Suppose $f:A\to\mathbb{C}$ and that $\forall n, \exists M_n$ such that $\sup_{x\in A}|f_n(x)| \leq M_n$. Also suppose $\sum_1^\infty M_n$ converges to some finite number. Define $$g_k(x) = \prod_1^k (1+f_n(x)).$$ Prove $g_k$ converges uniformly.
This looks analogous to the Weierstrass M-test, but for products, so I'm thinking that may be required in the proof.
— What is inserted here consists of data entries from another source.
lemma edge_energy_has_integral:
  assumes G: "metric_graph N x V" and f: "edge_eigenfun N x lam f" and n: "n < N"
  shows "((\<lambda>t. (edge_deriv x f n t)\<^sup>2 - lam * (f n t)\<^sup>2) has_integral
      f n (x (2*n+1)) * edge_deriv x f n (x (2*n+1)) - f n (x (2*n)) * edge_deriv x f n (x (2*n)))
    (edge_dom x n)"
  unfolding edge_dom_def
proof (rule fundamental_theorem_of_calculus)
  show "x (2*n) \<le> x (2*n+1)" using edge_less[OF G n] by simp
  fix t assume "t \<in> {x (2*n)..x (2*n+1)}"
  then have t: "t \<in> edge_dom x n" unfolding edge_dom_def .
  from has_vector_derivative_mult[OF edge_eigenfun_derivs[OF f n t]]
  show "((\<lambda>t. f n t * edge_deriv x f n t) has_vector_derivative
      (edge_deriv x f n t)\<^sup>2 - lam * (f n t)\<^sup>2) (at t within {x (2*n)..x (2*n+1)})"
    unfolding edge_dom_def by (simp add: power2_eq_square algebra_simps)
qed

lemma boundary_form_eq_sum_edges:
  "boundary_form N x f =
    - (\<Sum>n<N. f n (x (2*n+1)) * edge_deriv x f n (x (2*n+1)) - f n (x (2*n)) * edge_deriv x f n (x (2*n)))"
  unfolding boundary_form_def sum_endpoints_by_edges
  by (simp add: endval_def endderiv_def sum_negf[symmetric] algebra_simps)

text \<open>Integration by parts: for \<open>lam \<le> 0\<close> the energy density is nonnegative and integrates
  to \<open>- boundary_form\<close>, so a vanishing boundary form forces it to vanish identically.\<close>
lemma energy_density_eq_0:
  assumes G: "metric_graph N x V" and f: "edge_eigenfun N x lam f" and lam: "lam \<le> 0"
    and bd: "boundary_form N x f = 0" and n: "n < N" and t: "t \<in> edge_dom x n"
  shows "(edge_deriv x f n t)\<^sup>2 - lam * (f n t)\<^sup>2 = 0"
proof -
  define \<phi> where "\<phi> m s = (edge_deriv x f m s)\<^sup>2 - lam * (f m s)\<^sup>2" for m s
  define B where "B m = f m (x (2*m+1)) * edge_deriv x f m (x (2*m+1)) - f m (x (2*m)) * edge_deriv x f m (x (2*m))" for m
  have int: "(\<phi> m has_integral B m) (edge_dom x m)" if "m < N" for m
    unfolding \<phi>_def B_def using edge_energy_has_integral[OF G f that] .
  have \<phi>_nonneg: "0 \<le> \<phi> m s" for m s
  proof -
    have "lam * (f m s)\<^sup>2 \<le> 0" using lam by (simp add: mult_nonpos_nonneg)
    then show ?thesis unfolding \<phi>_def by (smt (verit) zero_le_power2)
  qed
  have "B m \<ge> 0" if "m < N" for m
    using has_integral_nonneg[OF int[OF that]] \<phi>_nonneg by blast
  moreover have "(\<Sum>m<N. B m) = 0"
    using bd boundary_form_eq_sum_edges[of N x f] unfolding B_def by simp
  ultimately have "B n = 0"
    using sum_nonneg_eq_0_iff[of "{..<N}" B] n by simp
  moreover have "continuous_on (edge_dom x n) (\<phi> n)"
    unfolding \<phi>_def using edge_eigenfun_derivs[OF f n]
    by (intro continuous_intros continuous_on_vector_derivative) auto
  ultimately have "\<phi> n t = 0"
    using has_integral_0_cbox_imp_0[of "x (2*n)" "x (2*n+1)" "\<phi> n" t] int[OF n] \<phi>_nonneg
      edge_less[OF G n] t
    unfolding edge_dom_def by simp
  then show ?thesis unfolding \<phi>_def .
qed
I haven't been able to get anywhere with it yet, though.
Suggestions?
It is assumed that $f_n(x)\ne 1$, else the product is $0$.
Since $f_n\in \mathbb{C}$, then we can write $f_n(x)=|f_n(x)|e^{i\phi_n(x)}$, where $\phi_n(x) =\arg(f_n(x))$.
We are given that $ |f_n(x)|\le M_n$ and $\sum_{n=1}^\infty M_n<\infty$. Therefore, $\lim_{n\to \infty}|f_n(x)|= 0$. So there exists a number $n_0$ such that $|f_n(x)|<1/2$ for $n\ge n_0$..
Taking $k\ge n_0$, we note that
$$\begin{align} \log\left(\prod_{n=n_0}^k(1+f_n(x))\right)&=\sum_{n=n_0}^k\log(|1+f_n(x)|)+i\sum_{n=n_0}^k\arg(1+|f_n(x)|e^{i\phi_n(x)})\\\\ &=\frac12\sum_{n=n_0}^k\log(1+|f_n(x)|^2+2|f_n(x)|\cos(\phi_n(x)))\\\\ &+i \sum_{n=n_0}^k \arctan\left(\frac{|f_n(x)|\sin(\phi_n(x))}{1+|f_n(x)|\cos(\phi_n(x))}\right) \end{align}$$
We have the estimates
$$\begin{align} \left|\sum_{n=n_0}^k\log(1+|f_n(x)|^2+2|f_n(x)|\cos(\phi_n(x)))\right|&\le 2\sum_{n=n_0}^k\log(1+|f_n(x)|)\\\\ &\le 2\sum_{n=n_0}^k |f_n(x)|\\\\ &\le 2\sum_{n=n_0}^k M_n \end{align}$$
Therefore, the real part of $\prod_{n=1}^k(1+f_n(x))$ converges uniformly.
In addition, we have the estimates
$$\begin{align} \left|\sum_{n=n_0}^k \arctan\left(\frac{|f_n(x)|\sin(\phi_n(x))}{1+|f_n(x)|\cos(\phi_n(x))}\right)\right|&\le \sum_{n=n_0}^k \frac{|f_n(x)|\,|\sin(\phi_n(x))|}{1+|f_n(x)|\cos(\phi_n(x))}\\\\ &\le 2 \sum_{n=n_0}^k |f_n(x)| \end{align}$$
Therefore, the imaginary part of $\prod_{n=1}^k(1+f_n(x))$ converges uniformly.
Inasmuch as the real and imaginary parts of $\prod_{n=1}^k(1+f_n(x))$ converge uniformly, then $\prod_{n=1}^k(1+f_n(x))$ converges uniformly.